▶ [Task description]
Every line from the one bearing "((\<Sum>m'\<in>states C N." through the last line of the entries should be printed exactly, with no other output.

▶ [Supplied records]
══════════

definition zeta3_term_deriv2 :: "real \<Rightarrow> real \<Rightarrow> real \<Rightarrow> real" where
  "zeta3_term_deriv2 A B t =
     6 * t / (A + B * t^2)^3 - 42 * B * t^3 / (A + B * t^2)^4 + 48 * B^2 * t^5 / (A + B * t^2)^5"

lemma has_real_derivative_zeta3_term:
  assumes "A + B * t^2 \<noteq> 0"
  shows "(zeta3_term A B has_real_derivative zeta3_term_deriv A B t) (at t)"
proof -
  let ?w = "A + B * t^2"
  let ?D = "(3 * t^2 * ?w^3 - t^3 * (3 * ?w^2 * (B * (2 * t)))) / (?w^3 * ?w^3)"
  have "(zeta3_term A B has_real_derivative ?D) (at t)"
    unfolding zeta3_term_def [abs_def] using assms
    by (intro derivative_eq_intros DERIV_quotient) (auto intro!: derivative_eq_intros)
  moreover have "(3 * t^2 * w^3 - t^3 * (3 * w^2 * (B * (2 * t)))) / (w^3 * w^3)
      = 3 * t^2 / w^3 - 6 * B * t^4 / w^4" if "w \<noteq> 0" for w
    using that by (simp add: field_simps eval_nat_numeral)
  ultimately show ?thesis
    unfolding zeta3_term_deriv_def using assms by simp
qed

lemma has_real_derivative_zeta3_term_deriv:
  assumes "A + B * t^2 \<noteq> 0"
  shows "(zeta3_term_deriv A B has_real_derivative zeta3_term_deriv2 A B t) (at t)"
proof -
  let ?w = "A + B * t^2"
  let ?D = "(3 * (2 * t) * ?w^3 - 3 * t^2 * (3 * ?w^2 * (B * (2 * t)))) / (?w^3 * ?w^3)
    - (6 * B * (4 * t^3) * ?w^4 - 6 * B * t^4 * (4 * ?w^3 * (B * (2 * t)))) / (?w^4 * ?w^4)"
  have "(zeta3_term_deriv A B has_real_derivative ?D) (at t)"
    unfolding zeta3_term_deriv_def [abs_def] using assms
    by (intro derivative_eq_intros DERIV_quotient) (auto intro!: derivative_eq_intros)
  moreover have "(3 * (2 * t) * w^3 - 3 * t^2 * (3 * w^2 * (B * (2 * t)))) / (w^3 * w^3)
      - (6 * B * (4 * t^3) * w^4 - 6 * B * t^4 * (4 * w^3 * (B * (2 * t)))) / (w^4 * w^4)
      = 6 * t / w^3 - 42 * B * t^3 / w^4 + 48 * B^2 * t^5 / w^5" if "w \<noteq> 0" for w
    using that by (simp add: field_simps eval_nat_numeral)
  ultimately show ?thesis
    unfolding zeta3_term_deriv2_def using assms by simp
qed

lemma abs_zeta3_terms_le:
  assumes A: "0 \<le> A" and B: "0 \<le> B" and t: "0 < a" "a \<le> t" "t \<le> b"
    and pos: "0 < A + B * a^2"
  defines "K \<equiv> 96 * (b^3 + b^2 + b) / (A + B * a^2)^3"
  shows "\<bar>zeta3_term A B t\<bar> \<le> K"
    and "\<bar>zeta3_term_deriv A B t\<bar> \<le> K"
    and "\<bar>zeta3_term_deriv2 A B t\<bar> \<le> K"
proof -
  define w where "w = A + B * t^2"
  define r where "r = B * t^2 / w"
  have "A + B * a^2 \<le> w"
    unfolding w_def using B t by (intro add_left_mono mult_left_mono power_mono) auto
  then have w: "0 < w" and w_inv: "1 / w^3 \<le> 1 / (A + B * a^2)^3"
    using pos by (auto intro!: divide_left_mono power_mono)
  have r: "0 \<le> r" "r \<le> 1"
    unfolding r_def using A B w by (auto simp: w_def divide_simps)
  have b: "0 < b"
    using t by linarith
  have le_K: "\<bar>s * P / w^3\<bar> \<le> K"
    if "0 \<le> s" "s \<le> b^3 + b^2 + b" "\<bar>P\<bar> \<le> 96" for s P
  proof -
    have "\<bar>s * P / w^3\<bar> = s * (1 / w^3) * \<bar>P\<bar>"
      using that w by (simp add: abs_mult)
    also have "\<dots> \<le> (b^3 + b^2 + b) * (1 / (A + B * a^2)^3) * 96"
      using that w w_inv b pos by (intro mult_mono) auto
    also have "\<dots> = K"
      unfolding K_def by simp
    finally show ?thesis .
  qed
  have "0 \<le> t^k" "t^k \<le> b^k" "0 \<le> b^k" for k
    using t by (auto intro: power_mono)
  then have t_le: "t \<le> b^3 + b^2 + b" "t^2 \<le> b^3 + b^2 + b" "t^3 \<le> b^3 + b^2 + b"
    by (smt (verit) power_one_right)+
  have "zeta3_term A B t = t^3 * 1 / w^3"
    "zeta3_term_deriv A B t = t^2 * (3 - 6 * r) / w^3"
    "zeta3_term_deriv2 A B t = t * (6 - 42 * r + 48 * r^2) / w^3"
    unfolding zeta3_term_def zeta3_term_deriv_def zeta3_term_deriv2_def r_def w_def[symmetric]
    using w by (simp_all add: field_simps eval_nat_numeral)
  moreover have "\<bar>3 - 6 * r\<bar> \<le> 96" "\<bar>6 - 42 * r + 48 * r^2\<bar> \<le> 96"
    using r mult_left_le_one_le[of r r] zero_le_power2[of r]
    unfolding abs_le_iff power2_eq_square by linarith+
  ultimately show "\<bar>zeta3_term A B t\<bar> \<le> K" "\<bar>zeta3_term_deriv A B t\<bar> \<le> K"
    "\<bar>zeta3_term_deriv2 A B t\<bar> \<le> K"
    using le_K[of "t^3" 1] le_K[of "t^2" "3 - 6 * r"] le_K[of t "6 - 42 * r + 48 * r^2"] t_le t
    by simp_all
qed
lemma emb_equiv_K_classes:
  assumes "0 < n" "0 < k" and inj: "inj_on \<phi> (K_verts n k)"
    and "(\<phi>, \<chi>) \<in> emb_equiv (K_verts n k) (K_edges n k)"
  shows "inj_on \<chi> (K_verts n k)" "{\<chi> ` KU n, \<chi> ` KV k} = {\<phi> ` KU n, \<phi> ` KV k}"
proof -
  obtain \<alpha> where aut: "\<alpha> \<in> graph_automorphisms (K_verts n k) (K_edges n k)"
    and \<chi>: "\<And>v. v \<in> K_verts n k \<Longrightarrow> \<chi> v = \<phi> (\<alpha> v)"
    using assms(4) unfolding emb_equiv_def by blast
  have bij: "bij_betw \<alpha> (K_verts n k) (K_verts n k)"
    and classes: "{\<alpha> ` KU n, \<alpha> ` KV k} = {KU n, KV k}"
    using aut unfolding K_automorphisms_iff[OF assms(1,2)] by simp_all
  have "inj_on \<phi> (\<alpha> ` K_verts n k)"
    using inj bij_betw_imp_surj_on[OF bij] by simp
  then have "inj_on (\<phi> \<circ> \<alpha>) (K_verts n k)"
    by (rule comp_inj_on[OF bij_betw_imp_inj_on[OF bij]])
  then show "inj_on \<chi> (K_verts n k)"
    using \<chi> unfolding inj_on_def by simp
  have "\<chi> ` C = \<phi> ` \<alpha> ` C" if "C \<subseteq> K_verts n k" for C
    unfolding image_image by (rule image_cong) (use \<chi> that in auto)
  then have "{\<chi> ` KU n, \<chi> ` KV k} = (\<lambda>C. \<phi> ` C) ` {\<alpha> ` KU n, \<alpha> ` KV k}"
    unfolding K_verts_def by simp
  then show "{\<chi> ` KU n, \<chi> ` KV k} = {\<phi> ` KU n, \<phi> ` KV k}"
    unfolding classes by simp
qed

lemma emb_equiv_KI:
  assumes "0 < n" "0 < k" and inj: "inj_on \<phi> (K_verts n k)" and inj\<chi>: "inj_on \<chi> (K_verts n k)"
    and images: "{\<chi> ` KU n, \<chi> ` KV k} = {\<phi> ` KU n, \<phi> ` KV k}"
  shows "(\<phi>, \<chi>) \<in> emb_equiv (K_verts n k) (K_edges n k)"
proof -
  have same_range: "\<chi> ` K_verts n k = \<phi> ` K_verts n k"
    using arg_cong[OF images, of Union] unfolding K_verts_def by (simp add: image_Un)
  define \<alpha> where "\<alpha> = inv_into (K_verts n k) \<phi> \<circ> \<chi>"
  have "\<phi> (\<alpha> v) = \<chi> v" if "v \<in> K_verts n k" for v
    unfolding \<alpha>_def using that same_range by (metis comp_apply f_inv_into_f imageI)
  then have \<phi>\<alpha>: "\<forall>v\<in>K_verts n k. \<chi> v = \<phi> (\<alpha> v)"
    by simp
  have "{\<alpha> ` KU n, \<alpha> ` KV k} = (\<lambda>C. inv_into (K_verts n k) \<phi> ` C) ` {\<chi> ` KU n, \<chi> ` KV k}"
    by (simp add: \<alpha>_def image_comp)
  also have "\<dots> = {KU n, KV k}"
    unfolding images using inv_into_image_cancel[OF inj] by (simp add: K_verts_def)
  finally have classes: "{\<alpha> ` KU n, \<alpha> ` KV k} = {KU n, KV k}" .
  have "\<alpha> ` K_verts n k = K_verts n k"
    using arg_cong[OF classes, of Union] unfolding K_verts_def by (simp add: image_Un)
  moreover have "inj_on (inv_into (K_verts n k) \<phi>) (\<chi> ` K_verts n k)"
    using inj_on_inv_into[of "\<chi> ` K_verts n k" \<phi>] same_range by simp
  then have "inj_on \<alpha> (K_verts n k)"
    unfolding \<alpha>_def by (rule comp_inj_on[OF inj\<chi>])
  ultimately have "\<alpha> \<in> graph_automorphisms (K_verts n k) (K_edges n k)"
    using classes K_automorphisms_iff[OF assms(1,2)] by (simp add: bij_betw_def)
  with \<phi>\<alpha> show ?thesis
    unfolding emb_equiv_def by blast
qed

lemma emb_equiv_K_iff:
  assumes "0 < n" "0 < k" and "inj_on \<phi> (K_verts n k)"
  shows "(\<phi>, \<chi>) \<in> emb_equiv (K_verts n k) (K_edges n k) \<longleftrightarrow>
           inj_on \<chi> (K_verts n k) \<and> {\<chi> ` KU n, \<chi> ` KV k} = {\<phi> ` KU n, \<phi> ` KV k}"
proof
  assume "(\<phi>, \<chi>) \<in> emb_equiv (K_verts n k) (K_edges n k)"
  then show "inj_on \<chi> (K_verts n k) \<and> {\<chi> ` KU n, \<chi> ` KV k} = {\<phi> ` KU n, \<phi> ` KV k}"
    by (intro conjI emb_equiv_K_classes[OF assms])
qed (elim conjE, rule emb_equiv_KI[OF assms])

lemma n_emb_K_eq_card_class_images:
  assumes "0 < n" "0 < k"
  shows "n_emb P L (K_verts n k) (K_edges n k) =
           card ((\<lambda>\<phi>. {\<phi> ` KU n, \<phi> ` KV k}) ` embeddings P L (K_verts n k) (K_edges n k))"
  unfolding n_emb_def
proof (rule card_quotient_eq_card_image)
  fix \<phi> \<psi> assume "\<phi> \<in> embeddings P L (K_verts n k) (K_edges n k)"
    "\<psi> \<in> embeddings P L (K_verts n k) (K_edges n k)"
  then have inj: "inj_on \<phi> (K_verts n k)" "inj_on \<psi> (K_verts n k)"
    by (simp_all add: embeddings_def)
  have classes: "emb_equiv (K_verts n k) (K_edges n k) `` {\<theta>} =
      {\<chi>. inj_on \<chi> (K_verts n k) \<and> {\<chi> ` KU n, \<chi> ` KV k} = {\<theta> ` KU n, \<theta> ` KV k}}"
    if "inj_on \<theta> (K_verts n k)" for \<theta>
    using emb_equiv_K_iff[OF assms that] by (simp add: Image_singleton)
  show "emb_equiv (K_verts n k) (K_edges n k) `` {\<phi>} = emb_equiv (K_verts n k) (K_edges n k) `` {\<psi>}
        \<longleftrightarrow> {\<phi> ` KU n, \<phi> ` KV k} = {\<psi> ` KU n, \<psi> ` KV k}"
  proof
    assume eq: "emb_equiv (K_verts n k) (K_edges n k) `` {\<phi>} = emb_equiv (K_verts n k) (K_edges n k) `` {\<psi>}"
    have "\<phi> \<in> emb_equiv (K_verts n k) (K_edges n k) `` {\<psi>}"
      unfolding eq[symmetric] classes[OF inj(1)] using inj(1) by simp
    then show "{\<phi> ` KU n, \<phi> ` KV k} = {\<psi> ` KU n, \<psi> ` KV k}"
      using classes[OF inj(2)] by simp
  qed (simp add: classes inj)
qed

section \<open>Embeddings as pairs of point sets\<close>

definition line_through :: "'p set set \<Rightarrow> 'p \<Rightarrow> 'p \<Rightarrow> 'p set" where
  "line_through L x y = (THE l. l \<in> L \<and> x \<in> l \<and> y \<in> l)"

lemma line_through_commute: "line_through L x y = line_through L y x"
  unfolding line_through_def by (simp add: conj_commute)

lemma edge_line_doubleton: "edge_line L \<phi> {u, v} = line_through L (\<phi> u) (\<phi> v)"
  unfolding edge_line_def line_through_def by simp

definition K_configs :: "'p set \<Rightarrow> 'p set set \<Rightarrow> nat \<Rightarrow> nat \<Rightarrow> ('p set \<times> 'p set) set" where
  "K_configs P L n k =
     {(A, B). A \<subseteq> P \<and> B \<subseteq> P \<and> A \<inter> B = {} \<and> card A = n \<and> card B = k \<and>
              inj_on (\<lambda>(a, b). line_through L a b) (A \<times> B)}"

lemma K_configsD:
  assumes "(A, B) \<in> K_configs P L n k"
  shows "A \<subseteq> P" "B \<subseteq> P" "A \<inter> B = {}" "card A = n" "card B = k"
    and "\<And>a a' b b'. a \<in> A \<Longrightarrow> a' \<in> A \<Longrightarrow> b \<in> B \<Longrightarrow> b' \<in> B \<Longrightarrow>
           line_through L a b = line_through L a' b' \<Longrightarrow> a = a' \<and> b = b'"
proof -
  show "A \<subseteq> P" "B \<subseteq> P" "A \<inter> B = {}" "card A = n" "card B = k"
    using assms by (simp_all add: K_configs_def)
  show "a = a' \<and> b = b'"
    if "a \<in> A" "a' \<in> A" "b \<in> B" "b' \<in> B" "line_through L a b = line_through L a' b'" for a a' b b'
    using assms inj_onD[where f = "\<lambda>(a, b). line_through L a b" and x = "(a, b)" and y = "(a', b')"] that
    by (simp add: K_configs_def) blast
qed

lemma K_configs_swap:
  assumes "(A, B) \<in> K_configs P L n k"
  shows "(B, A) \<in> K_configs P L k n"
  using K_configsD[OF assms] unfolding K_configs_def
  by (auto simp: inj_on_def line_through_commute)

lemma K_edges_eq_image: "K_edges n k = (\<lambda>(u, v). {u, v}) ` (KU n \<times> KV k)"
  unfolding K_edges_def by auto

lemma inj_on_K_edge: "inj_on (\<lambda>(u, v). {u, v}) (KU n \<times> KV k)"
  using KU_KV_disjoint[of n k] by (auto simp: inj_on_def doubleton_eq_iff)

lemma K_embeddings_iff:
  "\<phi> \<in> embeddings P L (K_verts n k) (K_edges n k) \<longleftrightarrow>
     \<phi> \<in> K_verts n k \<rightarrow>\<^sub>E P \<and> inj_on \<phi> (K_verts n k) \<and>
     inj_on (\<lambda>(a, b). line_through L a b) (\<phi> ` KU n \<times> \<phi> ` KV k)"
proof -
  have "inj_on (edge_line L \<phi>) (K_edges n k) \<longleftrightarrow>
        inj_on (\<lambda>(a, b). line_through L a b) (\<phi> ` KU n \<times> \<phi> ` KV k)"
    if inj: "inj_on \<phi> (K_verts n k)"
  proof -
    have inj_prod: "inj_on (map_prod \<phi> \<phi>) (KU n \<times> KV k)"
      using inj by (intro map_prod_inj_on) (auto simp: K_verts_def intro: inj_on_subset)
    have "inj_on (edge_line L \<phi>) ((\<lambda>(u, v). {u, v}) ` (KU n \<times> KV k)) \<longleftrightarrow>
          inj_on (edge_line L \<phi> \<circ> (\<lambda>(u, v). {u, v})) (KU n \<times> KV k)"
      by (rule comp_inj_on_iff[OF inj_on_K_edge])
    also have "edge_line L \<phi> \<circ> (\<lambda>(u, v). {u, v}) = (\<lambda>(a, b). line_through L a b) \<circ> map_prod \<phi> \<phi>"
      by (auto simp: fun_eq_iff edge_line_doubleton)
    also have "inj_on \<dots> (KU n \<times> KV k) \<longleftrightarrow>
               inj_on (\<lambda>(a, b). line_through L a b) (map_prod \<phi> \<phi> ` (KU n \<times> KV k))"
      by (rule comp_inj_on_iff[OF inj_prod, symmetric])
    finally show ?thesis
      by (simp add: K_edges_eq_image map_prod_surj_on)
  qed
  then show ?thesis
    unfolding embeddings_def by blast
qed

lemma K_embedding_images:
  assumes "\<phi> \<in> embeddings P L (K_verts n k) (K_edges n k)"
  shows "(\<phi> ` KU n, \<phi> ` KV k) \<in> K_configs P L n k"
proof -
  have sub: "KU n \<subseteq> K_verts n k" "KV k \<subseteq> K_verts n k"
    unfolding K_verts_def by auto
  have inj: "inj_on \<phi> (K_verts n k)"
    using assms by (simp add: K_embeddings_iff)
  have "\<phi> ` KU n \<inter> \<phi> ` KV k = {}"
    using inj_on_image_Int[OF inj sub] KU_KV_disjoint by simp
  moreover have "card (\<phi> ` KU n) = n" "card (\<phi> ` KV k) = k"
    using card_image[OF inj_on_subset[OF inj sub(1)]] card_image[OF inj_on_subset[OF inj sub(2)]]
    by simp_all
  ultimately show ?thesis
    using assms sub unfolding K_configs_def K_embeddings_iff by auto
qed

lemma K_embedding_of_config:
  assumes "finite P" and config: "(A, B) \<in> K_configs P L n k"
  obtains \<phi> where "\<phi> \<in> embeddings P L (K_verts n k) (K_edges n k)" "\<phi> ` KU n = A" "\<phi> ` KV k = B"
proof -
  note AB = K_configsD[OF config]
  obtain f where f: "bij_betw f {0..<n} A"
    using ex_bij_betw_nat_finite[of A] finite_subset[OF AB(1) assms(1)] AB(4) by auto
  obtain g where g: "bij_betw g {0..<k} B"
    using ex_bij_betw_nat_finite[of B] finite_subset[OF AB(2) assms(1)] AB(5) by auto
  define \<phi> where "\<phi> = restrict (case_sum f g) (K_verts n k)"
  have \<phi>U: "\<phi> ` KU n = A" and \<phi>V: "\<phi> ` KV k = B"
    using bij_betw_imp_surj_on[OF f] bij_betw_imp_surj_on[OF g]
    unfolding \<phi>_def K_verts_def KU_def KV_def by (auto simp: image_image atLeast0LessThan)
  have "inj_on \<phi> (KU n)" "inj_on \<phi> (KV k)"
    using bij_betw_imp_inj_on[OF f] bij_betw_imp_inj_on[OF g]
    unfolding \<phi>_def K_verts_def KU_def KV_def by (auto simp: inj_on_def atLeast0LessThan)
  then have "inj_on \<phi> (K_verts n k)"
    using \<phi>U \<phi>V AB(3) KU_KV_disjoint[of n k]
    unfolding K_verts_def by (auto simp: inj_on_Un)
  moreover have "\<phi> \<in> K_verts n k \<rightarrow>\<^sub>E P"
    using \<phi>U \<phi>V AB(1,2) unfolding \<phi>_def K_verts_def by auto
  ultimately have "\<phi> \<in> embeddings P L (K_verts n k) (K_edges n k)"
    using config \<phi>U \<phi>V unfolding K_embeddings_iff K_configs_def by auto
  then show ?thesis
    using \<phi>U \<phi>V by (rule that)
qed
(* Let $Q^{(N)}(t)=\sqrt N\,(X^{(N)}(t)-\pi)$. If $\limsup_{N\to\infty}\mathbb E\big[\|Q^{(N)}(0)\|_2^2\big]<\infty$, then $$\limsup_{N\to\infty}\ \sup_{t\ge0}\ \mathbb E\big[\|Q^{(N)}(t)\|_2^2\big]<\infty .$$ Consequently, if $X^{(N)}(\infty)$ denotes a random vector distributed according to the (unique) stationary distribution of the Markov process $X^{(N)}$ and $Z^{(N)}(\infty)=\sqrt N\,(X^{(N)}(\infty)-\pi)$, then $\limsup_{N\to\infty}\mathbb E\big[\|Z^{(N)}(\infty)\|_2^2\big]<\infty$.
   Context: Model: fix integers $C\ge1$, $d\ge1$ and reals $\sigma>0$, $\beta\in\mathbb R$. For each $N\ge1$ (large enough that $\lambda^{(N)}:=\sigma-\beta/\sqrt N>0$) there are $N$ servers, each able to process at most $C$ jobs simultaneously. Jobs arrive according to a Poisson process of rate $N\lambda^{(N)}$. At each arrival, $d$ servers are sampled uniformly at random with replacement and the job is routed to the sampled server with the fewest jobs in progress (ties broken uniformly at random); if that server has $C$ jobs the job is lost, otherwise it starts service immediately. Service times are i.i.d. exponential with mean $1$ and all jobs at a server are processed in parallel (a server with $n$ jobs completes jobs at total rate $n$). $X^{(N)}_n(t)$ is the fraction of servers with at least $n$ jobs at time $t$, $0\le n\le C$; $X^{(N)}(t)$ takes values in $\mathbb U=\{u\in\mathbb R^{C+1}:1=u_0\ge\cdots\ge u_C\ge0\}$. $\|\cdot\|_2$ is the Euclidean norm. $\pi\in\mathbb U$ is the unique fixed point of the mean-field ODE $\frac{d}{dt}x_n=\sigma(x_{n-1}^d-x_n^d)-n(x_n-x_{n+1})$ ($1\le n\le C$, $x_0\equiv1$, $x_{C+1}\equiv0$), i.e. $\pi_0=1$, $\sigma(\pi_{n-1}^d-\pi_n^d)=n(\pi_n-\pi_{n+1})$ for $1\le n\le C$, $\pi_{C+1}=0$. *)

theory Defs
  imports "HOL-Analysis.Analysis"
begin

definition lam :: "real \<Rightarrow> real \<Rightarrow> nat \<Rightarrow> real" where
  "lam \<sigma> \<beta> N = \<sigma> - \<beta> / sqrt (real N)"

text \<open>State space of the N-th system: occupancy counts m n = number of servers with at
  least n jobs (0 <= n <= C), so that X^(N)_n = m n / N.  Entries beyond C are 0.\<close>
definition states :: "nat \<Rightarrow> nat \<Rightarrow> (nat \<Rightarrow> nat) set" where
  "states C N = {m. m 0 = N \<and> (\<forall>n<C. m (Suc n) \<le> m n) \<and> (\<forall>n>C. m n = 0)}"

text \<open>Transition rate from state m to state m' of the CTMC X^(N) (power-of-d routing,
  capacity C, parallel exponential service).  An arrival is routed to a server with exactly
  n-1 jobs with probability x_{n-1}^d - x_n^d; a server with exactly n jobs completes a job
  at rate n.\<close>
definition rate :: "nat \<Rightarrow> nat \<Rightarrow> real \<Rightarrow> real \<Rightarrow> nat \<Rightarrow> (nat \<Rightarrow> nat) \<Rightarrow> (nat \<Rightarrow> nat) \<Rightarrow> real" where
  "rate C d \<sigma> \<beta> N m m' =
     (\<Sum>n\<in>{1..C}. if m n < m (n - 1) \<and> m' = m(n := Suc (m n))
        then real N * lam \<sigma> \<beta> N *
             ((real (m (n - 1)) / real N) ^ d - (real (m n) / real N) ^ d)
        else 0)
   + (\<Sum>n\<in>{1..C}. if m (Suc n) < m n \<and> m' = m(n := m n - 1)
        then real n * (real (m n) - real (m (Suc n)))
        else 0)"

definition is_distr :: "(nat \<Rightarrow> nat) set \<Rightarrow> ((nat \<Rightarrow> nat) \<Rightarrow> real) \<Rightarrow> bool" where
  "is_distr S \<mu> \<longleftrightarrow> (\<forall>m. 0 \<le> \<mu> m) \<and> (\<forall>m. m \<notin> S \<longrightarrow> \<mu> m = 0) \<and> sum \<mu> S = 1"

text \<open>p t m = P(state at time t = m): the law of X^(N)(t) started from the initial law mu,
  characterised as the (unique) solution of the Kolmogorov forward equations on [0,oo).\<close>
definition law_process ::
  "nat \<Rightarrow> nat \<Rightarrow> real \<Rightarrow> real \<Rightarrow> nat \<Rightarrow> ((nat \<Rightarrow> nat) \<Rightarrow> real) \<Rightarrow> (real \<Rightarrow> (nat \<Rightarrow> nat) \<Rightarrow> real) \<Rightarrow> bool" where
  "law_process C d \<sigma> \<beta> N \<mu> p \<longleftrightarrow>
     p 0 = \<mu> \<and>
     (\<forall>t\<ge>0. \<forall>m. m \<notin> states C N \<longrightarrow> p t m = 0) \<and>
     (\<forall>t\<ge>0. \<forall>m\<in>states C N.
        ((\<lambda>s. p s m) has_real_derivative
           ((\<Sum>m'\<in>states C N. p t m' * rate C d \<sigma> \<beta> N m' m)
            - p t m * (\<Sum>m'\<in>states C N. rate C d \<sigma> \<beta> N m m'))) (at t within {0..}))"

══════════

▶ [Answer to this problem]
           ((\<Sum>m'\<in>states C N. p t m' * rate C d \<sigma> \<beta> N m' m)
            - p t m * (\<Sum>m'\<in>states C N. rate C d \<sigma> \<beta> N m m'))) (at t within {0..}))"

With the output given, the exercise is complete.